Suze Rotolo, Dylan’s iconic 1960s girlfriend, dies
Suze Rotolo, who became a 1960s icon by appearing on the cover of Bob Dylan’s classic “Freewheelin’” album, has died in New York at the age of 67.
Her husband Enzo Bartoccioli said the cause of death was lung cancer.
Rotolo met Dylan in 1961 just prior to his ascension to fame and she inspired a number of his most famous songs, including “Don't Think Twice, It's All Right,” “Boots of Spanish Leather,” “Ballad in Plain D” and “Tomorrow Is a Long Time.”
“Right from the start I couldn’t take my eyes off her,” Dylan wrote in his memoir, “Chronicles: Volume 1,” published in 2004. “She was the most erotic thing I’d ever seen. She was fair skinned and golden haired, full-blood Italian. The air was suddenly filled with banana leaves. We started talking and my head started to spin. Cupid’s arrow had whistled past my ears before, but this time it hit me in the heart and the weight of it dragged me overboard.”
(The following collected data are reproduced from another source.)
(* Let $\mathbb{C}$ be a locally small category and $\mathbb{C}_{\mathit{fin}}$ a full subcategory satisfying (C1)–(C5) below. Let $F\in\mathrm{Ob}(\mathbb{C})$ be a locally finite object whose automorphisms are finitely separated. Then $\mathrm{Aut}(F)$ endowed with the topology $\tau_F$ is a Hausdorff topological group.
   Context: Write $A\to B$ if $\hom(A,B)\ne\varnothing$. Conditions: (C1) all morphisms of $\mathbb{C}$ are monomorphisms; (C2) $\mathrm{Ob}(\mathbb{C}_{\mathit{fin}})$ is a set; (C3) $\hom(A,B)$ is finite for $A,B\in\mathrm{Ob}(\mathbb{C}_{\mathit{fin}})$; (C4) for every $F\in\mathrm{Ob}(\mathbb{C})$ there is $A\in\mathrm{Ob}(\mathbb{C}_{\mathit{fin}})$ with $A\to F$; (C5) for every $B\in\mathrm{Ob}(\mathbb{C}_{\mathit{fin}})$ the set $\{A\in\mathrm{Ob}(\mathbb{C}_{\mathit{fin}}):A\to B\}$ is finite. $F$ is locally finite if for all $A,B\in\mathrm{Ob}(\mathbb{C}_{\mathit{fin}})$, $e\in\hom(A,F)$, $f\in\hom(B,F)$ there exist $D\in\mathrm{Ob}(\mathbb{C}_{\mathit{fin}})$, $r\in\hom(D,F)$, $p\in\hom(A,D)$, $q\in\hom(B,D)$ with $r\cdot p=e$, $r\cdot q=f$, such that for every $H\in\mathrm{Ob}(\mathbb{C})$, $r'\in\hom(H,F)$, $p'\in\hom(A,H)$, $q'\in\hom(B,H)$ with $r'\cdot p'=e$, $r'\cdot q'=f$ there is $s\in\hom(D,H)$ with $r'\cdot s=r$, $s\cdot p=p'$, $s\cdot q=q'$. The automorphisms of $F$ are finitely separated if for all $f\ne g$ in $\mathrm{Aut}(F)$ there are $A\in\mathrm{Ob}(\mathbb{C}_{\mathit{fin}})$ and $e\in\hom(A,F)$ with $f\cdot e\ne g\cdot e$. $\tau_F$ is the topology on $\mathrm{Aut}(F)$ having as a base the sets $N_F(e_1,e_2)=\{f\in\mathrm{Aut}(F):f\cdot e_1=e_2\}$, $A\in\mathrm{Ob}(\mathbb{C}_{\mathit{fin}})$, $A\to F$, $e_1,e_2\in\hom(A,F)$. *)

theory Defs
  imports "HOL-Analysis.Analysis" "HOL-Algebra.Group"
begin

record ('o, 'm) cat =
  Ob  :: "'o set"
  Ar  :: "'m set"
  Dom :: "'m \<Rightarrow> 'o"
  Cod :: "'m \<Rightarrow> 'o"
  Cmp :: "'m \<Rightarrow> 'm \<Rightarrow> 'm"   (* Cmp C g f = g \<cdot> f  (first f, then g) *)
  Idt :: "'o \<Rightarrow> 'm"
(* Consider two circular bodies in $\mathbb R^2$ of equal mass ($\mu_1=\mu_2=1/2$) and radii $R_1,R_2$, moving on elliptic Keplerian orbits about a fixed center and interacting only by elastic or inelastic collisions, as described in the context; let $D=R_1+R_2$. Let $\gamma=2L^2/D>1$ and $e=\gamma-\sqrt{\gamma^2-\gamma+1}$. If $$EL^2<-\frac{(1-e^2)(1+e)^2}{16e^2},$$ then the two bodies remain on elliptic orbits.
   Context: Units are chosen so that each body's center $\mathbf x_i\in\mathbb R^2$ moves, between collisions, with acceleration $-\mathbf x_i/|\mathbf x_i|^3$ (fixed attracting center at the origin; no mutual gravitation). Bodies have masses $m_1,m_2$, $\mu_i=m_i/(m_1+m_2)$. Specific energy $E_i=|\mathbf v_i|^2/2-1/|\mathbf x_i|$, signed specific angular momentum $L_i=x_{i,1}v_{i,2}-x_{i,2}v_{i,1}$; the orbit of body $i$ is elliptic iff $E_i<0$. Set $E=\mu_1E_1+\mu_2E_2$, $L=\mu_1L_1+\mu_2L_2$. A collision occurs when $|\mathbf x_1-\mathbf x_2|=D$ and $\mathbf n\cdot\mathbf w<0$, where $\mathbf n=(\mathbf x_1-\mathbf x_2)/D$, $\mathbf w=\mathbf v_1-\mathbf v_2$; then $\mathbf w'=(I-\mathbf n\otimes\mathbf n)\mathbf w-(1-2\varepsilon)(\mathbf n\otimes\mathbf n)\mathbf w$ with $\varepsilon\in[0,1/2]$ ($\varepsilon=0$ elastic), and with $\mathbf v=\mu_1\mathbf v_1+\mu_2\mathbf v_2$ the outgoing velocities are $\mathbf v_1'=\mathbf v+\mu_2\mathbf w'$, $\mathbf v_2'=\mathbf v-\mu_1\mathbf w'$. *)

theory Defs
  imports "HOL-Analysis.Analysis"
begin

definition kepler_acc :: "real^2 \<Rightarrow> real^2" where
  "kepler_acc x = - ((1 / norm x ^ 3) *\<^sub>R x)"

definition spec_energy :: "real^2 \<Rightarrow> real^2 \<Rightarrow> real" where
  "spec_energy x v = norm v ^ 2 / 2 - 1 / norm x"

definition ang_mom :: "real^2 \<Rightarrow> real^2 \<Rightarrow> real" where
  "ang_mom x v = x$1 * v$2 - x$2 * v$1"

definition collide_w :: "real \<Rightarrow> real^2 \<Rightarrow> real^2 \<Rightarrow> real^2" where
  "collide_w eps n w = (w - (n \<bullet> w) *\<^sub>R n) - ((1 - 2 * eps) * (n \<bullet> w)) *\<^sub>R n"

definition motion ::
  "real \<Rightarrow> real \<Rightarrow> real \<Rightarrow> real \<Rightarrow> (real \<Rightarrow> real^2) \<Rightarrow> (real \<Rightarrow> real^2)
     \<Rightarrow> (real \<Rightarrow> real^2) \<Rightarrow> (real \<Rightarrow> real^2) \<Rightarrow> bool" where
  "motion m1 m2 D eps x1 v1 x2 v2 \<longleftrightarrow>
    (let mu1 = m1 / (m1 + m2); mu2 = m2 / (m1 + m2) in
     \<exists>C :: real set. C \<subseteq> {0<..} \<and> (\<forall>T. finite (C \<inter> {..T})) \<and>
       continuous_on {0..} x1 \<and> continuous_on {0..} x2 \<and>
       (\<forall>t\<ge>0. x1 t \<noteq> 0 \<and> x2 t \<noteq> 0 \<and> dist (x1 t) (x2 t) \<ge> D) \<and>
       (\<forall>t. t \<ge> 0 \<and> t \<notin> C \<longrightarrow>
          (x1 has_vector_derivative v1 t) (at t within {0..}) \<and>
          (v1 has_vector_derivative kepler_acc (x1 t)) (at t within {0..}) \<and>
          (x2 has_vector_derivative v2 t) (at t within {0..}) \<and>
          (v2 has_vector_derivative kepler_acc (x2 t)) (at t within {0..})) \<and>
       (\<forall>t\<in>C. \<exists>u1 u2.
          (v1 \<longlongrightarrow> u1) (at_left t) \<and> (v2 \<longlongrightarrow> u2) (at_left t) \<and>
          (v1 \<longlongrightarrow> v1 t) (at_right t) \<and> (v2 \<longlongrightarrow> v2 t) (at_right t) \<and>
          dist (x1 t) (x2 t) = D \<and>
          (let n = (1 / D) *\<^sub>R (x1 t - x2 t); w = u1 - u2; w' = collide_w eps n w;
               v = mu1 *\<^sub>R u1 + mu2 *\<^sub>R u2
           in n \<bullet> w < 0 \<and> v1 t = v + mu2 *\<^sub>R w' \<and> v2 t = v - mu1 *\<^sub>R w')))"

end

theory Submission
  imports Defs
begin

(*
  Along a Kepler arc the energy and angular momentum of each body are conserved. A collision
  of equal masses adds opposite impulses k n and -k n along the line of centres n; this keeps
  L1 + L2 fixed and, if the impulse is switched on linearly, the energy E1 + E2 never rises
  above its value before the collision. Hence the mean energy stays at most E and the mean angular
  momentum stays equal to L for all times.

  Suppose that at some such state, with the bodies at distance at most D, one orbit is
  parabolic, say E1 = 0. Then L1^2 <= 2 r1 <= 2 (r2 + D) and L2^2 <= 2 r2 + 2 r2^2 E2, and
  2 |L| <= |L1| + |L2|. A weighted Cauchy-Schwarz inequality with weights 1 : e gives a lower
  bound on E2 quadratic in 1/r2; minimising it over r2, with e chosen so that
  D (1 - e^2) = 2 L^2 (1 - 2 e), yields E L^2 >= -(1 - e^2)(1 + e)^2 / (16 e^2). So under the
  hypothesis no energy can reach 0, and by continuity both stay negative: between collisions
  because they are constant, across a collision along the interpolated impulse.
*)

section \<open>An inequality for parabolic states\<close>

lemma weighted_square_sum_le:
  fixes p q e :: real
  assumes "0 < e"
  shows "e * (p + q)\<^sup>2 \<le> (1 + e) * (e * p\<^sup>2 + q\<^sup>2)"
proof -
  have "(1 + e) * (e * p\<^sup>2 + q\<^sup>2) - e * (p + q)\<^sup>2 = (e * p - q)\<^sup>2"
    by (simp add: power2_eq_square algebra_simps)
  then show ?thesis
    by (metis diff_ge_0_iff_ge zero_le_power2)
qed

lemma quadratic_lower_bound:
  fixes R a r E :: real
  assumes "0 < R" and "R \<le> 2 * a * r + 2 * r\<^sup>2 * E"
  shows "- a\<^sup>2 / (2 * R) \<le> E"
proof -
  have "0 \<le> (R - a * r)\<^sup>2" by simp
  also have "\<dots> \<le> r\<^sup>2 * (a\<^sup>2 + 2 * R * E)"
    using mult_left_mono[OF assms(2), of R] assms(1) by (simp add: power2_eq_square algebra_simps)
  finally have "0 \<le> a\<^sup>2 + 2 * R * E"
    using assms by (cases "r = 0") (auto simp: zero_le_mult_iff)
  then show ?thesis
    using assms(1) by (simp add: field_simps)
qed

lemma parabolic_energy_bound:
  fixes p q r E l e D :: real
  assumes e: "0 < e" "e < 1" and l: "0 < l" and D: "D * (1 - e\<^sup>2) = 2 * l\<^sup>2 * (1 - 2 * e)"
    and p: "p\<^sup>2 \<le> 2 * r + 2 * D" and q: "q\<^sup>2 \<le> 2 * r + 2 * r\<^sup>2 * E"
    and pq: "2 * l \<le> p + q"
  shows "- E / 2 * l\<^sup>2 \<le> (1 - e\<^sup>2) * (1 + e)\<^sup>2 / (16 * e\<^sup>2)"
proof -
  define R where "R = 4 * e\<^sup>2 * l\<^sup>2 / (1 - e\<^sup>2)"
  have e2: "0 < 1 - e\<^sup>2"
    using e by (simp add: power_less_one_iff abs_less_iff)
  have R: "0 < R"
    unfolding R_def using e l e2 by simp
  have R_eq: "(1 + e) * R = 4 * e * l\<^sup>2 - (1 + e) * (2 * e * D)"
  proof -
    have "(1 - e) * ((1 + e) * R) = R * (1 - e\<^sup>2)"
      by (simp add: power2_eq_square algebra_simps)
    also have "\<dots> = 4 * e\<^sup>2 * l\<^sup>2"
      unfolding R_def using e2 by simp
    also have "\<dots> = 4 * e * l\<^sup>2 * (1 - e) - 2 * e * (2 * l\<^sup>2 * (1 - 2 * e))"
      by (simp add: power2_eq_square algebra_simps)
    also have "\<dots> = (1 - e) * (4 * e * l\<^sup>2 - (1 + e) * (2 * e * D))"
      unfolding D[symmetric] by (simp add: power2_eq_square algebra_simps)
    finally show ?thesis
      using e by simp
  qed
  have "(2 * l)\<^sup>2 \<le> (p + q)\<^sup>2"
    using pq l by (intro power_mono) auto
  then have "4 * e * l\<^sup>2 \<le> e * (p + q)\<^sup>2"
    using e by (simp add: power_mult_distrib)
  also have "\<dots> \<le> (1 + e) * (e * p\<^sup>2 + q\<^sup>2)"
    using e(1) by (rule weighted_square_sum_le)
  also have "\<dots> \<le> (1 + e) * (2 * e * D + (2 * (1 + e) * r + 2 * r\<^sup>2 * E))"
    using e q mult_left_mono[OF p, of e] by (intro mult_left_mono) (auto simp: algebra_simps)
  finally have "(1 + e) * R \<le> (1 + e) * (2 * (1 + e) * r + 2 * r\<^sup>2 * E)"
    unfolding R_eq by (simp add: algebra_simps)
  then have "R \<le> 2 * (1 + e) * r + 2 * r\<^sup>2 * E"
    using e by simp
  then have "- (1 + e)\<^sup>2 / (2 * R) \<le> E"
    by (rule quadratic_lower_bound[OF R])
  then have "- (1 + e)\<^sup>2 \<le> 2 * R * E"
    using R by (simp add: field_simps)
  then have "- (1 + e)\<^sup>2 * l\<^sup>2 \<le> 2 * R * E * l\<^sup>2"
    by (rule mult_right_mono) simp
  then have "- E / 2 * l\<^sup>2 \<le> (1 + e)\<^sup>2 * l\<^sup>2 / (4 * R)"
    using R by (simp add: field_simps)
  also have "\<dots> = (1 - e\<^sup>2) * (1 + e)\<^sup>2 / (16 * e\<^sup>2)"
    unfolding R_def using e l e2 by (simp add: field_simps power2_eq_square)
  finally show ?thesis .
qed

lemma ang_mom_sq_add_inner_sq: "(ang_mom x v)\<^sup>2 + (x \<bullet> v)\<^sup>2 = (norm x)\<^sup>2 * (norm v)\<^sup>2"
  unfolding ang_mom_def power2_norm_eq_inner by (simp add: inner_vec_def sum_2 power2_eq_square algebra_simps)

lemma ang_mom_sq_le: "(ang_mom x v)\<^sup>2 \<le> (norm x)\<^sup>2 * (norm v)\<^sup>2"
  by (metis ang_mom_sq_add_inner_sq le_add_same_cancel1 zero_le_power2)

lemma ang_mom_sq_le_energy:
  assumes "x \<noteq> 0"
  shows "(ang_mom x v)\<^sup>2 \<le> 2 * norm x + 2 * (norm x)\<^sup>2 * spec_energy x v"
proof -
  have "(norm x)\<^sup>2 * (norm v)\<^sup>2 = 2 * norm x + 2 * (norm x)\<^sup>2 * spec_energy x v"
    using assms by (simp add: spec_energy_def power2_eq_square field_simps)
  then show ?thesis
    using ang_mom_sq_le[of x v] by simp
qed

lemma parabolic_collision_energy_bound:
  fixes y1 y2 u1 u2 :: "real^2" and D L e :: real
  assumes y: "norm (y1 - y2) \<le> D" "y1 \<noteq> 0" "y2 \<noteq> 0" and parabolic: "spec_energy y1 u1 = 0"
    and e: "0 < e" "e < 1" and L: "L \<noteq> 0" "D * (1 - e\<^sup>2) = 2 * L\<^sup>2 * (1 - 2 * e)"
    and L_def: "L = (1/2) * ang_mom y1 u1 + (1/2) * ang_mom y2 u2"
  shows "- ((1 - e\<^sup>2) * (1 + e)\<^sup>2) / (16 * e\<^sup>2)
    \<le> ((1/2) * spec_energy y1 u1 + (1/2) * spec_energy y2 u2) * L\<^sup>2"
proof -
  have "norm y1 \<le> norm y2 + D"
    using y(1) norm_triangle_sub[of y1 y2] by linarith
  moreover have "\<bar>ang_mom y1 u1\<bar>\<^sup>2 \<le> 2 * norm y1"
    using ang_mom_sq_le_energy[OF y(2), of u1] unfolding parabolic by simp
  ultimately have p: "\<bar>ang_mom y1 u1\<bar>\<^sup>2 \<le> 2 * norm y2 + 2 * D"
    by linarith
  have q: "\<bar>ang_mom y2 u2\<bar>\<^sup>2 \<le> 2 * norm y2 + 2 * (norm y2)\<^sup>2 * spec_energy y2 u2"
    using ang_mom_sq_le_energy[OF y(3)] by simp
  have "2 * \<bar>L\<bar> \<le> \<bar>ang_mom y1 u1\<bar> + \<bar>ang_mom y2 u2\<bar>"
    unfolding L_def by (simp add: abs_if)
  moreover have "0 < \<bar>L\<bar>" "D * (1 - e\<^sup>2) = 2 * \<bar>L\<bar>\<^sup>2 * (1 - 2 * e)"
    using L by simp_all
  ultimately have "- spec_energy y2 u2 / 2 * \<bar>L\<bar>\<^sup>2 \<le> (1 - e\<^sup>2) * (1 + e)\<^sup>2 / (16 * e\<^sup>2)"
    using parabolic_energy_bound[OF e _ _ p q] by blast
  then show ?thesis
    unfolding parabolic minus_divide_left[symmetric] by simp
qed

lemma no_parabolic_state:
  fixes y1 y2 u1 u2 :: "real^2" and D E L e :: real
  assumes y: "norm (y1 - y2) \<le> D" "y1 \<noteq> 0" "y2 \<noteq> 0"
    and e: "0 < e" "e < 1" and L: "L \<noteq> 0" "D * (1 - e\<^sup>2) = 2 * L\<^sup>2 * (1 - 2 * e)"
    and EL: "E * L\<^sup>2 < - ((1 - e\<^sup>2) * (1 + e)\<^sup>2) / (16 * e\<^sup>2)"
    and E_ge: "(1/2) * spec_energy y1 u1 + (1/2) * spec_energy y2 u2 \<le> E"
    and L_eq: "(1/2) * ang_mom y1 u1 + (1/2) * ang_mom y2 u2 = L"
  shows "spec_energy y1 u1 \<noteq> 0 \<and> spec_energy y2 u2 \<noteq> 0"
proof -
  have "((1/2) * spec_energy y1 u1 + (1/2) * spec_energy y2 u2) * L\<^sup>2 \<le> E * L\<^sup>2"
    using E_ge by (rule mult_right_mono) simp
  then have "((1/2) * spec_energy y1 u1 + (1/2) * spec_energy y2 u2) * L\<^sup>2
      < - ((1 - e\<^sup>2) * (1 + e)\<^sup>2) / (16 * e\<^sup>2)"
    using EL by linarith
  moreover have "norm (y2 - y1) \<le> D"
    using y(1) by (simp add: norm_minus_commute)
  ultimately show ?thesis
    using parabolic_collision_energy_bound[OF y _ e L L_eq[symmetric]]
      parabolic_collision_energy_bound[of y2 y1 D u2 e L u1] y e L L_eq
    by (auto simp: algebra_simps)
qed

section \<open>Collisions of equal masses\<close>

lemma neg_if_no_zero_on_Icc:
  fixes f :: "real \<Rightarrow> real"
  assumes "continuous_on {a..b} f" "a \<le> b" "f a < 0" "\<And>s. s \<in> {a..b} \<Longrightarrow> f s \<noteq> 0"
  shows "f b < 0"
  using IVT'[of f a 0 b] assms by force

definition post_collision ::
  "real \<Rightarrow> real \<Rightarrow> real \<Rightarrow> real \<Rightarrow> real^2 \<Rightarrow> real^2 \<Rightarrow> real^2 \<Rightarrow> real^2 \<Rightarrow> (real^2) \<times> (real^2)" where
  "post_collision m1 m2 D eps y1 y2 u1 u2 =
    (let mu1 = m1 / (m1 + m2); mu2 = m2 / (m1 + m2); n = (1 / D) *\<^sub>R (y1 - y2);
         w' = collide_w eps n (u1 - u2); v = mu1 *\<^sub>R u1 + mu2 *\<^sub>R u2
     in (v + mu2 *\<^sub>R w', v - mu1 *\<^sub>R w'))"

lemma post_collision_equal_masses:
  fixes y1 y2 u1 u2 :: "real^2" and m D eps :: real
  assumes "m > 0"
  defines "n \<equiv> (1 / D) *\<^sub>R (y1 - y2)"
  defines "k \<equiv> - (1 - eps) * (n \<bullet> (u1 - u2))"
  shows "post_collision m m D eps y1 y2 u1 u2 = (u1 + k *\<^sub>R n, u2 - k *\<^sub>R n)"
proof -
  have collide: "collide_w eps n (u1 - u2) = (u1 - u2) + (2 * k) *\<^sub>R n"
    unfolding collide_w_def k_def by (simp add: vec_eq_iff algebra_simps)
  have mu: "m / (m + m) = 1 / 2"
    using assms(1) by simp
  show ?thesis
    unfolding post_collision_def Let_def n_def[symmetric] collide mu
    by (simp add: vec_eq_iff field_simps)
qed

lemma ang_mom_sum_normal_impulse:
  "ang_mom y1 (u1 + c *\<^sub>R (y1 - y2)) + ang_mom y2 (u2 - c *\<^sub>R (y1 - y2))
    = ang_mom y1 u1 + ang_mom y2 u2"
  unfolding ang_mom_def by (simp add: algebra_simps)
The daughter of Italian Communists in Queens, N.Y., Rotolo’s views on civil rights and other social causes strongly influenced Dylan’s politics and writing.
Dylan and Rotolo were a couple for three years. She eventually became an artist and teacher and in 2008 wrote a book about her early experiences in Greenwich Village called “A Freewheelin' Time.”